Sergio Rodrigues started presenting his work in a context that was already teaming with the idea of modernity and was daring to take the first steps in Brazilianness
When Sergio Rodrigues graduated from the college of Architecture, in 1952, the winds of a new modernist language coming mainly from a Europe interested in "rationalizing" domestic life started blowing in Brazil. The Industrial Revolution had changed hearts and minds during the eighteenth century and laid the foundations of a more practical, less artisanal and sophisticated life. With the end of the two world wars, Europe found herself immersed in movements that were reviewing the wasteful life of the elites before the conflicts and betting on a more rational, economical life.
In Brazil, the higher classes were still dazzled with European furniture, upholstery made of velvet and other fine fabrics, which hid its internal design, such as the French furniture that Sergio called "ladies" furniture, "full of embellishments". The designer and sculptor Joaquim Tenreiro, creator of iconic Brazilian furniture, used to speak of the style "of all Louises," referring to the kings of France. But even in Europe, this type of furniture was still what people wanted.
The European rationalist movement then began to move away from that style, which marked the taste of the wealthy homes of that era. In the early 1910s, a line of thought that introduced new proposals that preached "the shape that follows the object's function, and function alone" surfaced in design.

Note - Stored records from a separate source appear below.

text \<open>Congruence of rationals modulo p^a: ord_p(u - v) \<ge> a, i.e. u - v = x/y with
  y not divisible by p and p^a dividing x.\<close>
definition qcong :: "rat \<Rightarrow> rat \<Rightarrow> nat \<Rightarrow> nat \<Rightarrow> bool" where
  "qcong u v p a \<longleftrightarrow>
     (\<exists>x y :: int. y \<noteq> 0 \<and> \<not> int p dvd y \<and> int p ^ a dvd x \<and> u - v = of_int x / of_int y)"

text \<open>T_{l,beta}^{(p)}(n,r). The sum over all integers k \<equiv> r (mod p^beta) reduces to
  0 \<le> k \<le> n since binom n k = 0 otherwise; (k - r)/p^beta is then an integer.\<close>
definition T :: "nat \<Rightarrow> nat \<Rightarrow> nat \<Rightarrow> nat \<Rightarrow> int \<Rightarrow> rat" where
  "T p l \<beta> n r =
     (of_nat (fact l) * of_nat p ^ l / of_nat (fact (n div p ^ (\<beta> - 1)))) *
     (\<Sum>k \<in> {k. k \<le> n \<and> int k mod int p ^ \<beta> = r mod int p ^ \<beta>}.
        of_nat (n choose k) * (-1) ^ k * ((of_int ((int k - r) div int p ^ \<beta>) :: rat) gchoose l))"

end

theory Submission
  imports Defs
begin

text \<open>
  Let E be the shift operator (E f) x = f (x + 1) on functions from the integers, and let
  F_(beta,r) x = l! p^l binom((x - r)/p^beta, l) if p^beta divides x - r, and 0 otherwise. T_(l,beta)(n,r) is then ((1 - E)^n F_(beta,r)) 0.

  Write n = n0 + p m with n0 < p. Since (1 - E)^p = (1 - E^p) + Q(E) with all coefficients of
  Q divisible by p, (1 - E)^(p m) expands binomially into the terms binom(m,j) Q(E)^j (1 - E^p)^(m-j),
  and (1 - E^p)^(m-j) acts on F_(beta+1,s) as (1 - E)^(m-j) acts on F_(beta,(s-x)/p).
  Provided T_(l,beta) is p-integral, the term of index j \<ge> 1 is divisible by
  p^(j + v_p(binom(m,j)) + v_p(floor((m-j)/p^(beta-1))!)), which exceeds v_p(floor(m/p^(beta-1))!)
  by Legendre's formula. So after division by floor(m/p^(beta-1))! only the term j = 0 survives
  modulo p, and (1 - E)^n0 then selects the single shift i = r mod p with p dividing r - i,
  producing the factor (-1)^r0 binom(n0,r0).

  The p-integrality of T_(l,beta) follows from the same congruence by induction on beta. For
  beta = 1 an induction on l, using k binom(M,k) = M binom(M-1,k-1), reduces it to Fleck's congruence:
  p^floor((M-1)/(p-1)) divides the sum of (-1)^k binom(M,k) over k congruent to t modulo p,
  and v_p(M!) \<le> (M-1)/(p-1).
\<close>

section \<open>Polynomials in the shift operator\<close>

definition shift_apply :: "'a::comm_ring_1 poly \<Rightarrow> (int \<Rightarrow> 'a) \<Rightarrow> int \<Rightarrow> 'a" where
  "shift_apply P f x = (\<Sum>i\<le>degree P. coeff P i * f (x + int i))"

lemma shift_apply_eq_sum:
  assumes "degree P \<le> N"
  shows "shift_apply P f x = (\<Sum>i\<le>N. coeff P i * f (x + int i))"
  unfolding shift_apply_def using assms
  by (intro sum.mono_neutral_left) (auto simp: coeff_eq_0)

lemma shift_apply_0 [simp]: "shift_apply 0 f x = 0"
  by (simp add: shift_apply_def)

lemma shift_apply_1 [simp]: "shift_apply 1 f x = f x"
  by (simp add: shift_apply_def)

lemma shift_apply_add: "shift_apply (P + Q) f x = shift_apply P f x + shift_apply Q f x"
proof -
  have "degree (P + Q) \<le> max (degree P) (degree Q)"
    by (rule degree_add_le_max)
  then show ?thesis
    by (simp add: shift_apply_eq_sum[of _ "max (degree P) (degree Q)"] sum.distrib algebra_simps)
qed

lemma shift_apply_smult: "shift_apply (smult a P) f x = a * shift_apply P f x"
proof -
  have "shift_apply (smult a P) f x = (\<Sum>i\<le>degree P. coeff (smult a P) i * f (x + int i))"
    by (rule shift_apply_eq_sum) (rule degree_smult_le)
  then show ?thesis
    by (simp add: shift_apply_def sum_distrib_left algebra_simps)
qed

lemma shift_apply_pCons: "shift_apply (pCons a P) f x = a * f x + shift_apply P f (x + 1)"
proof -
  have "shift_apply (pCons a P) f x = (\<Sum>i\<le>Suc (degree P). coeff (pCons a P) i * f (x + int i))"
    by (rule shift_apply_eq_sum) simp
  also have "\<dots> = a * f x + shift_apply P f (x + 1)"
    by (subst sum.atMost_Suc_shift) (simp add: shift_apply_def algebra_simps)
  finally show ?thesis .
qed

lemma shift_apply_mult: "shift_apply (P * Q) f x = shift_apply P (shift_apply Q f) x"
proof (induction P arbitrary: x)
  case (pCons a P)
  then show ?case
    by (simp add: shift_apply_add shift_apply_smult shift_apply_pCons)
qed simp

lemma shift_apply_sum: "shift_apply (\<Sum>i\<in>S. P i) f x = (\<Sum>i\<in>S. shift_apply (P i) f x)"
  by (induction S rule: infinite_finite_induct) (simp_all add: shift_apply_add)

lemma shift_apply_monom: "shift_apply (monom a k) f x = a * f (x + int k)"
proof -
  have "shift_apply (monom a k) f x = (\<Sum>i\<le>k. coeff (monom a k) i * f (x + int i))"
    by (rule shift_apply_eq_sum) (rule degree_monom_le)
  also have "\<dots> = (\<Sum>i\<le>k. if i = k then a * f (x + int k) else 0)"
    by (intro sum.cong) (auto simp: coeff_monom)
  finally show ?thesis
    by simp
qed

lemma shift_apply_translate: "shift_apply P f (x + y) = shift_apply P (\<lambda>z. f (z + y)) x"
  by (simp add: shift_apply_def algebra_simps)

lemma shift_apply_dvd:
  assumes "\<And>i. c dvd coeff P i" and "\<And>y. d dvd f y"
  shows "c * d dvd shift_apply P f x"
  unfolding shift_apply_def using assms by (intro dvd_sum mult_dvd_mono) auto

lemma one_minus_monom_power:
  "(1 - monom 1 q) ^ M = (\<Sum>k\<le>M. monom (of_nat (M choose k) * (-1) ^ k :: 'a::comm_ring_1) (q * k))"
proof -
  have "(1 - monom (1::'a) q) ^ M = (monom (-1) q + 1) ^ M"
    by (simp add: minus_monom[symmetric])
  also have "\<dots> = (\<Sum>k\<le>M. of_nat (M choose k) * monom (-1) q ^ k * 1 ^ (M - k))"
    by (rule binomial_ring)
  also have "\<dots> = (\<Sum>k\<le>M. monom (of_nat (M choose k) * (-1) ^ k) (q * k))"
    by (intro sum.cong refl) (simp add: monom_power of_nat_poly smult_monom mult.commute)
  finally show ?thesis .
qed

lemma coeff_one_minus_X_power:
  "coeff ((1 - monom 1 1) ^ M) i = (of_nat (M choose i) * (-1) ^ i :: 'a::comm_ring_1)"
  by (simp add: one_minus_monom_power coeff_sum coeff_monom sum.delta binomial_eq_0)

lemma shift_apply_one_minus_monom_power:
  "shift_apply ((1 - monom 1 q) ^ M) f x = (\<Sum>k\<le>M. of_nat (M choose k) * (-1) ^ k * f (x + int (q * k)))"
  by (simp add: one_minus_monom_power shift_apply_sum shift_apply_monom)

lemma coeff_power_dvd:
  fixes P :: "'a::comm_semiring_1 poly"
  assumes "\<And>i. c dvd coeff P i"
  shows "c ^ j dvd coeff (P ^ j) i"
proof (induction j arbitrary: i)
  case (Suc j)
  show ?case
    unfolding power_Suc coeff_mult by (intro dvd_sum mult_dvd_mono assms Suc.IH)
qed simp

lemma sum_binomial_times_index:
  "(\<Sum>k\<le>Suc M. of_nat (Suc M choose k) * (-1) ^ k * of_nat k * g k)
     = - of_nat (Suc M) * (\<Sum>k\<le>M. of_nat (M choose k) * (-1) ^ k * g (Suc k) :: 'a::comm_ring_1)"
proof -
  have "of_nat (Suc M choose Suc k) * (-1) ^ Suc k * of_nat (Suc k) * g (Suc k)
          = - of_nat (Suc M) * (of_nat (M choose k) * (-1) ^ k * g (Suc k) :: 'a)" for k
  proof -
    have e: "of_nat (Suc M choose Suc k) * of_nat (Suc k) = (of_nat (Suc M) * of_nat (M choose k) :: 'a)"
      using Suc_times_binomial[of k M] by (metis of_nat_mult mult.commute)
    have "of_nat (Suc M choose Suc k) * (-1) ^ Suc k * of_nat (Suc k) * g (Suc k)
            = - (of_nat (Suc M choose Suc k) * of_nat (Suc k)) * ((-1) ^ k * g (Suc k) :: 'a)"
      by (simp del: binomial_Suc_Suc of_nat_Suc add: ac_simps)
    also have "\<dots> = - of_nat (Suc M) * (of_nat (M choose k) * (-1) ^ k * g (Suc k))"
      by (simp only: e) (simp del: of_nat_Suc add: algebra_simps)
    finally show ?thesis .
  qed
  then show ?thesis
    by (simp only: sum.atMost_Suc_shift sum_distrib_left) simp
qed

lemma int_dvd_diff_iff_eq_mod:
  fixes p i :: nat and r :: int
  assumes "i < p"
  shows "int p dvd r - int i \<longleftrightarrow> i = nat (r mod int p)"
proof -
  have "int p dvd r - int i \<longleftrightarrow> r mod int p = int i mod int p"
    by (simp add: mod_eq_dvd_iff)
  also have "int i mod int p = int i"
    using assms by simp
  finally show ?thesis
    using assms by auto
qed

lemma sum_if_int_dvd_diff:
  fixes p m :: nat and r :: int
  assumes "m < p"
  shows "(\<Sum>i\<le>m. if int p dvd r - int i then g i else 0)
           = (if nat (r mod int p) \<le> m then g (nat (r mod int p)) else 0)"
proof -
  have "(\<Sum>i\<le>m. if int p dvd r - int i then g i else 0)
          = (\<Sum>i\<le>m. if i = nat (r mod int p) then g i else 0)"
    using assms by (intro sum.cong refl) (simp add: int_dvd_diff_iff_eq_mod)
  then show ?thesis
    by (simp add: sum.delta')
qed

When Sergio became interested in creating furniture in the 1950s, attempts to make the modern Brazilian furniture were already emerging in the country. In the 1920s, for example, Gregori Warchavchik, a Ukrainian architect and designer who had studied in Italy, immigrated to Brazil and built the first modernist houses in the country. He used to support the rationalist furniture idea, already in vogue in Europe, and launched the first modernist architecture manifesto in Brazil. He introduced the metals that were widely used in the European rationalist language to his furniture, but did not absorb Brazilian influences or the materials found here. On the other hand, he focused on designing the purer lines of the modern language and joined a group that also included Lasar Segal, a Lithuanian painter and sculptor who moved to Brazil in 1923 and also ventured into furniture design.